**** Recorded data

lemma
  shows integrable_osc_transform_square: "integrable lborel (\<lambda>t. (cmod (osc_transform F \<alpha> t))\<^sup>2)"
    and integral_osc_transform_square_le:
      "(\<integral>t. (cmod (osc_transform F \<alpha> t))\<^sup>2 \<partial>lborel) \<le> 2 * pi / c * (\<integral>s. (cmod (F s))\<^sup>2 \<partial>lborel)"
proof -
  let ?T = "osc_transform F \<alpha>"
  define B where "B = 2 * pi / c * (\<integral>s. (cmod (F s))\<^sup>2 \<partial>lborel)"
  define M where "M = (\<integral>s. cmod (F s) \<partial>lborel)"
  define f where "f i t = exp (-(t/real (Suc i))\<^sup>2/2) * (cmod (?T t))\<^sup>2" for i t
  have [measurable]: "f i \<in> borel_measurable borel" for i unfolding f_def[abs_def] by measurable
  have f_int: "integrable lborel (f i)" for i
  proof (rule Bochner_Integration.integrable_bound)
    show "integrable lborel (\<lambda>t. M\<^sup>2 * exp (-(t/real (Suc i))\<^sup>2/2))"
      using integrable_gaussian[of "real (Suc i)"] by simp
    have "(cmod (?T t))\<^sup>2 \<le> M\<^sup>2" for t unfolding M_def by (intro power_mono norm_osc_transform_le) simp
    then show "AE t in lborel. norm (f i t) \<le> norm (M\<^sup>2 * exp (-(t/real (Suc i))\<^sup>2/2))"
      unfolding f_def by (intro AE_I2) (simp add: abs_mult mult.commute[of "exp _"] mult_right_mono)
  qed simp
  have f_mono: "f i t \<le> f (Suc i) t" for i t
  proof -
    have "(t/real (Suc (Suc i)))\<^sup>2 \<le> (t/real (Suc i))\<^sup>2"
      by (simp add: power_divide frac_le)
    then show ?thesis unfolding f_def by (intro mult_right_mono) auto
  qed
  have f_lim: "(\<lambda>i. f i t) \<longlonglongrightarrow> (cmod (?T t))\<^sup>2" for t
  proof -
    have "(\<lambda>i. t / real (Suc i)) \<longlonglongrightarrow> 0"
      using LIMSEQ_Suc[OF lim_const_over_n[of t]] by simp
    then have "(\<lambda>i. exp (-(t/real (Suc i))\<^sup>2/2) * (cmod (?T t))\<^sup>2) \<longlonglongrightarrow> exp (-(0)\<^sup>2/2) * (cmod (?T t))\<^sup>2"
      by (intro tendsto_intros) auto
    then show ?thesis unfolding f_def by simp
  qed
  have f_le: "integral\<^sup>L lborel (f i) \<le> B" for i
    unfolding f_def B_def by (rule damped_energy_le) simp
  have "incseq (\<lambda>i. integral\<^sup>L lborel (f i))"
    by (rule incseq_SucI, rule integral_mono[OF f_int f_int f_mono])
  then obtain L where L: "(\<lambda>i. integral\<^sup>L lborel (f i)) \<longlonglongrightarrow> L"
    using incseq_convergent f_le by blast
  have mono: "AE t in lborel. mono (\<lambda>n. f n t)"
    by (intro AE_I2 incseq_SucI f_mono)
  show "integrable lborel (\<lambda>t. (cmod (?T t))\<^sup>2)"
    by (rule integrable_monotone_convergence[OF f_int mono AE_I2[OF f_lim] L]) measurable
  have "(\<integral>t. (cmod (?T t))\<^sup>2 \<partial>lborel) = L"
    by (rule integral_monotone_convergence[OF f_int mono AE_I2[OF f_lim] L]) measurable
  also have "L \<le> B" using L f_le by (intro LIMSEQ_le_const2) auto
  finally show "(\<integral>t. (cmod (?T t))\<^sup>2 \<partial>lborel) \<le> 2 * pi / c * (\<integral>s. (cmod (F s))\<^sup>2 \<partial>lborel)"
    unfolding B_def .
qed
(* Let $n\ge2$, let $A$ be an $n\times n$ matrix with strictly positive entries, let $p:=\sqrt{R(A)}$, and define for $h\ge0$ \[ \Theta(h)=2\log\!\left(\frac{1+p\,e^{h/2}}{p+e^{h/2}}\right). \] Then for all $x,y\in\mathbb{R}^n_{>0}$, $d_H(Ax,Ay)\le\Theta(d_H(x,y))$. Moreover, if $p>1$, then $\Theta$ is increasing and concave on $[0,\infty)$, $\Theta(0)=0$, $\Theta'(0)=\kappa(A):=\frac{p-1}{p+1}$, $\lim_{h\to\infty}\Theta(h)=\log R(A)$, and $\Theta(h)\le\kappa(A)h$ for all $h\ge0$; consequently $d_H(Ax,Ay)\le\kappa(A)\,d_H(x,y)$ for all $x,y\in\mathbb{R}^n_{>0}$.
   Context: For a matrix $A=(a_{ik})$ with strictly positive entries, its distortion is $R(A)=\max_{i,j,k,\ell}\frac{a_{ik}a_{j\ell}}{a_{i\ell}a_{jk}}$. For $x,y\in\mathbb{R}^n_{>0}$, $\mathrm{Dist}(x,y)=\max_{i,j}\frac{y_ix_j}{y_jx_i}$ and the Hilbert metric is $d_H(x,y)=\log\mathrm{Dist}(x,y)$. *)

theory Defs
  imports "HOL-Analysis.Analysis"
begin

definition distortion :: "real ^ 'n ^ 'm \<Rightarrow> real" where
  "distortion A = Max {(A $ i $ k * A $ j $ l) / (A $ i $ l * A $ j $ k) | i j k l. True}"

definition Dist :: "real ^ 'n \<Rightarrow> real ^ 'n \<Rightarrow> real" where
  "Dist x y = Max {(y $ i * x $ j) / (y $ j * x $ i) | i j. True}"

definition hilbert_dist :: "real ^ 'n \<Rightarrow> real ^ 'n \<Rightarrow> real" where
  "hilbert_dist x y = ln (Dist x y)"

definition Theta :: "real \<Rightarrow> real \<Rightarrow> real" where
  "Theta p h = 2 * ln ((1 + p * exp (h / 2)) / (p + exp (h / 2)))"

definition kappa :: "real ^ 'n ^ 'm \<Rightarrow> real" where
  "kappa A = (sqrt (distortion A) - 1) / (sqrt (distortion A) + 1)"

end

theory Submission
  imports Defs "HOL-Real_Asymp.Real_Asymp"
begin

text \<open>
  Fix rows \<open>i, j\<close> of \<open>A\<close>. With weights \<open>v\<^sub>k = A\<^sub>j\<^sub>k x\<^sub>k\<close>, the cross ratio
  \<open>(Ay)\<^sub>i (Ax)\<^sub>j / ((Ay)\<^sub>j (Ax)\<^sub>i)\<close> equals \<open>(\<Sum> v c t)(\<Sum> v) / ((\<Sum> v t)(\<Sum> v c))\<close> where
  \<open>c\<^sub>k = A\<^sub>i\<^sub>k / A\<^sub>j\<^sub>k\<close> ranges in an interval of ratio at most \<open>p\<^sup>2 = R(A)\<close> and \<open>t\<^sub>k = y\<^sub>k / x\<^sub>k\<close> in
  one of ratio at most \<open>s\<^sup>2 = Dist(x,y)\<close>. An elementary quadratic inequality bounds such a ratio by
  \<open>((1 + p s) / (p + s))\<^sup>2\<close>, whose logarithm is exactly \<open>\<Theta>(d\<^sub>H(x,y))\<close>. The analytic properties of
  \<open>\<Theta>\<close> follow from its derivative \<open>(p\<^sup>2 - 1) e / ((p + e)(1 + p e))\<close>, \<open>e = exp (h/2)\<close>,
  which is decreasing for \<open>h \<ge> 0\<close> and equals \<open>\<kappa>(A)\<close> at \<open>0\<close>.
\<close>

lemma finite_values2: "finite {f i j | (i::'a::finite) (j::'a). True}"
proof -
  have "{f i j | i j. True} = (\<lambda>(i,j). f i j) ` UNIV" by auto
  then show ?thesis by simp
qed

********

Go through the records and work out how many lines contain the string "Theta". The answer should be that number alone.

5